Saved data entries
lemma funpow_one_sided_derivatives:
  fixes F R L :: "real \<Rightarrow> real"
  assumes "strict_mono F"
    and "\<And>x. (F has_real_derivative R x) (at_right x)"
    and "\<And>x. (F has_real_derivative L x) (at_left x)"
    and "\<And>x. 0 < R x" "\<And>x. R x \<le> L x"
  shows "\<exists>l r. ((F ^^ n) has_real_derivative l) (at_left x) \<and> ((F ^^ n) has_real_derivative r) (at_right x)
    \<and> 0 < r \<and> r \<le> l \<and> (0 < n \<and> R x < L x \<longrightarrow> r < l)"
proof (induction n arbitrary: x)
  case 0
  show ?case
    by (intro exI[of _ 1]) (auto intro!: derivative_eq_intros)
next
  case (Suc n)
  obtain l r where lr: "((F ^^ n) has_real_derivative l) (at_left (F x))"
      "((F ^^ n) has_real_derivative r) (at_right (F x))" "0 < r" "r \<le> l"
    using Suc.IH[of "F x"] by blast
  have "F ` {x<..} \<subseteq> {F x<..}" "F ` {..<x} \<subseteq> {..<F x}"
    using assms(1) by (auto dest: strict_monoD)
  then have "((F ^^ n) \<circ> F has_real_derivative r * R x) (at_right x)"
    and "((F ^^ n) \<circ> F has_real_derivative l * L x) (at_left x)"
    using DERIV_image_chain[OF DERIV_subset[OF lr(2)] assms(2)] DERIV_image_chain[OF DERIV_subset[OF lr(1)] assms(3)]
    by auto
  moreover have "0 < r * R x" "r * R x \<le> l * L x"
    using lr assms(4,5)[of x] by (auto intro: mult_mono)
  moreover have "r * R x < l * L x" if "R x < L x"
  proof -
    have "r * R x < r * L x"
      using lr(3) that by simp
    also have "\<dots> \<le> l * L x"
      using lr(4) assms(4,5)[of x] by (intro mult_right_mono) auto
    finally show ?thesis .
  qed
  ultimately show ?case
    unfolding funpow_Suc_right by blast
qed

lemma one_sided_derivative_unique:
  fixes f :: "real \<Rightarrow> real"
  assumes "(f has_real_derivative a) (at x within S)" "(f has_real_derivative b) (at x within S)"
    and "at x within S \<noteq> bot"
  shows "a = b"
  using tendsto_unique[OF assms(3)] assms(1,2) unfolding has_field_derivative_iff by blast

lemma funpow_not_translation_if_corner:
  fixes F R L :: "real \<Rightarrow> real"
  assumes "strict_mono F"
    and "\<And>x. (F has_real_derivative R x) (at_right x)"
    and "\<And>x. (F has_real_derivative L x) (at_left x)"
    and "\<And>x. 0 < R x" "\<And>x. R x \<le> L x"
    and "R x0 < L x0" "0 < n"
  shows "F ^^ n \<noteq> (\<lambda>x. x + c)"
proof
  assume translation: "F ^^ n = (\<lambda>x. x + c)"
  obtain l r where "((\<lambda>x. x + c) has_real_derivative l) (at_left x0)"
      "((\<lambda>x. x + c) has_real_derivative r) (at_right x0)" "r < l"
    using funpow_one_sided_derivatives[OF assms(1-5), of n x0] assms(6,7) unfolding translation by blast
  moreover have "((\<lambda>x. x + c) has_real_derivative 1) (at x0 within S)" for S
    by (auto intro!: derivative_eq_intros)
  ultimately have "l = 1" "r = 1"
    by (auto intro: one_sided_derivative_unique)
  then show False
    using \<open>r < l\<close> by simp
qed

definition active :: "complex set \<Rightarrow> real \<Rightarrow> complex set" where
  "active P x = {p \<in> P. chord_end p x = psi_lift P x}"

lemma active_nonempty: "finite P \<Longrightarrow> P \<noteq> {} \<Longrightarrow> active P x \<noteq> {}"
  using psi_lift_attained by (fastforce simp: active_def)

lemma psi_lift_active:
  assumes "finite P" "P \<noteq> {}"
  shows "psi_lift (active P x) x = psi_lift P x"
proof -
  have "(\<lambda>p. chord_end p x) ` active P x = {psi_lift P x}"
    using active_nonempty[OF assms, of x] by (auto simp: active_def)
  then show ?thesis
    by (simp add: psi_lift_def[of "active P x"])
qed

lemma eventually_psi_lift_eq_active:
  assumes "finite P" "P \<noteq> {}" "P \<subseteq> ball 0 1"
  shows "eventually (\<lambda>y. psi_lift (active P x) y = psi_lift P y) (at x)"
proof (cases "P - active P x = {}")
  case True
  then have "active P x = P"
    by (auto simp: active_def)
  then show ?thesis
    by simp
next
  case False
  let ?A = "active P x" and ?B = "P - active P x"
  have fin: "finite ?A" "finite ?B" and ne: "?A \<noteq> {}"
    using assms active_nonempty by (auto simp: active_def)
  obtain p where "p \<in> ?B" "chord_end p x = psi_lift ?B x"
    using psi_lift_attained[OF fin(2) False] by blast
  then have "psi_lift ?A x < psi_lift ?B x"
    using psi_lift_le[OF assms(1), of p x] psi_lift_active[OF assms(1,2)] by (auto simp: active_def)
  moreover have "isCont (\<lambda>y. psi_lift ?B y - psi_lift ?A y) x"
    using assms fin by (intro continuous_intros isCont_psi_lift) (auto simp: active_def)
  ultimately have "eventually (\<lambda>y. 0 < psi_lift ?B y - psi_lift ?A y) (at x)"
    by (intro order_tendstoD(1)) (auto simp: isCont_def)
  moreover have "P = ?A \<union> ?B"
    by (auto simp: active_def)
  ultimately show ?thesis
    using psi_lift_Un[OF fin(1) ne fin(2) False] by (auto elim!: eventually_mono)
qed

lemma psi_lift_one_sided_derivatives:
  assumes "finite P" "P \<noteq> {}" "P \<subseteq> ball 0 1"
  shows "(psi_lift P has_real_derivative Min ((\<lambda>p. chord_end_deriv p x) ` active P x)) (at_right x)"
    and "(psi_lift P has_real_derivative Max ((\<lambda>p. chord_end_deriv p x) ` active P x)) (at_left x)"
proof -
  have A: "finite (active P x)" "active P x \<noteq> {}" "active P x \<subseteq> ball 0 1"
    using assms active_nonempty by (auto simp: active_def)
  have derivs: "(chord_end p has_real_derivative chord_end_deriv p x) (at x)" if "p \<in> active P x" for p
    using that A(3) by (intro chord_end_has_real_derivative) auto
  have "chord_end p x = psi_lift P x" if "p \<in> active P x" for p
    using that by (simp add: active_def)
  note one_sided = has_real_derivative_Min_one_sided[where g = chord_end and g' = "\<lambda>p. chord_end_deriv p x",
      OF A(1,2) derivs this, folded psi_lift_def]
  have "eventually (\<lambda>y. psi_lift (active P x) y = psi_lift P y) (at x within S)" for S
    using filter_leD[OF at_le[OF subset_UNIV] eventually_psi_lift_eq_active[OF assms, of x]] by simp
  note cong = has_field_derivative_cong_eventually[OF this psi_lift_active[OF assms(1,2)]]
  show "(psi_lift P has_real_derivative Min ((\<lambda>p. chord_end_deriv p x) ` active P x)) (at_right x)"
    and "(psi_lift P has_real_derivative Max ((\<lambda>p. chord_end_deriv p x) ` active P x)) (at_left x)"
    using one_sided by (simp_all add: cong)
qed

Exercise goal - Looking at the data above, return every line from the one with "using funpow_one_sided_derivatives[OF assms(1-5), of" down to the one with "P. chord_end p x = psi_lift", exactly and inclusively.

Response -
    using funpow_one_sided_derivatives[OF assms(1-5), of n x0] assms(6,7) unfolding translation by blast
  moreover have "((\<lambda>x. x + c) has_real_derivative 1) (at x0 within S)" for S
    by (auto intro!: derivative_eq_intros)
  ultimately have "l = 1" "r = 1"
    by (auto intro: one_sided_derivative_unique)
  then show False
    using \<open>r < l\<close> by simp
qed

definition active :: "complex set \<Rightarrow> real \<Rightarrow> complex set" where
  "active P x = {p \<in> P. chord_end p x = psi_lift P x}"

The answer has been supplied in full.